lemma quad_form_riccati_map:
  fixes X :: "real^'n::finite^'n" and R :: "real^'m::finite^'m"
    and A :: "real^'n^'n" and B :: "real^'m^'n" and x :: "real^'n"
  assumes X: "transpose X = X"
  defines "S \<equiv> R + transpose B ** X ** B" and "w \<equiv> transpose B *v (X *v (A *v x))"
  shows "quad_form (riccati_map A B Q R p X) x
           = quad_form Q x + quad_form X (A *v x) - (1 - p) * (w \<bullet> (matrix_inv S *v w))"
  unfolding riccati_map_def S_def w_def
  by (simp add: quad_form_add quad_form_diff quad_form_scaleR quad_form_congruence
      quad_form_gain_term[OF X])

lemma completion_of_squares:
  fixes Y :: "real^'n::finite^'n" and R :: "real^'m::finite^'m"
    and B :: "real^'m^'n" and a :: "real^'n"
  defines "S \<equiv> R + transpose B ** Y ** B" and "w \<equiv> transpose B *v (Y *v a)"
  assumes Y: "transpose Y = Y" and R: "transpose R = R" and S: "invertible S"
  shows "quad_form Y (a + B *v u) + quad_form R u
           = quad_form Y a - w \<bullet> (matrix_inv S *v w) + quad_form S (u + matrix_inv S *v w)"
proof -
  define k where "k = matrix_inv S *v w"
  have symS: "transpose S = S"
    unfolding S_def using symmetric_add_congruence[OF R Y] .
  have Sk: "S *v k = w"
    unfolding k_def using matrix_vector_mul_matrix_inv[OF S] .
  have "quad_form S (u + k) = quad_form R u + quad_form Y (B *v u) + 2 * (u \<bullet> w) + quad_form S k"
    using quad_form_add_vector[OF symS, of u k] Sk
    by (simp add: S_def quad_form_add quad_form_congruence)
  moreover have "a \<bullet> (Y *v (B *v u)) = u \<bullet> w"
    using inner_symmetric_matrix[OF Y, of a "B *v u"] inner_transpose_right[of u B "Y *v a"]
    by (simp only: w_def inner_commute)
  then have "quad_form Y (a + B *v u) = quad_form Y a + 2 * (u \<bullet> w) + quad_form Y (B *v u)"
    using quad_form_add_vector[OF Y, of a "B *v u"] by simp
  moreover have "w \<bullet> k = quad_form S k"
    using Sk by (simp add: quad_form_def inner_commute)
  ultimately show ?thesis
    by (simp add: k_def)
qed

lemma riccati_map_completion:
  fixes Y :: "real^'n::finite^'n" and R :: "real^'m::finite^'m"
    and A :: "real^'n^'n" and B :: "real^'m^'n" and x :: "real^'n"
  defines "S \<equiv> R + transpose B ** Y ** B" and "w \<equiv> transpose B *v (Y *v (A *v x))"
  assumes Y: "transpose Y = Y" and R: "transpose R = R" and S: "invertible S"
  shows "quad_form (riccati_map A B Q R p Y) x + (1 - p) * quad_form S (u + matrix_inv S *v w)
           = quad_form Q x + p * quad_form Y (A *v x)
             + (1 - p) * (quad_form Y (A *v x + B *v u) + quad_form R u)"
proof -
  let ?G = "w \<bullet> (matrix_inv S *v w)" and ?T = "quad_form S (u + matrix_inv S *v w)"
  have "quad_form (riccati_map A B Q R p Y) x = quad_form Q x + quad_form Y (A *v x) - (1 - p) * ?G"
    unfolding S_def w_def by (rule quad_form_riccati_map[OF Y])
  moreover have "?T = quad_form Y (A *v x + B *v u) + quad_form R u - quad_form Y (A *v x) + ?G"
    using completion_of_squares[OF Y R S[unfolded S_def], of "A *v x" u]
    unfolding S_def w_def by linarith
  ultimately show ?thesis
    by (simp only:) (simp add: algebra_simps)
qed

-- TASK STATEMENT --
Repeat exactly the lines of the data from the first one through the line with "B Q R p X) x", both of them included.

-- EXERCISE RESULT --
lemma quad_form_riccati_map:
  fixes X :: "real^'n::finite^'n" and R :: "real^'m::finite^'m"
    and A :: "real^'n^'n" and B :: "real^'m^'n" and x :: "real^'n"
  assumes X: "transpose X = X"
  defines "S \<equiv> R + transpose B ** X ** B" and "w \<equiv> transpose B *v (X *v (A *v x))"
  shows "quad_form (riccati_map A B Q R p X) x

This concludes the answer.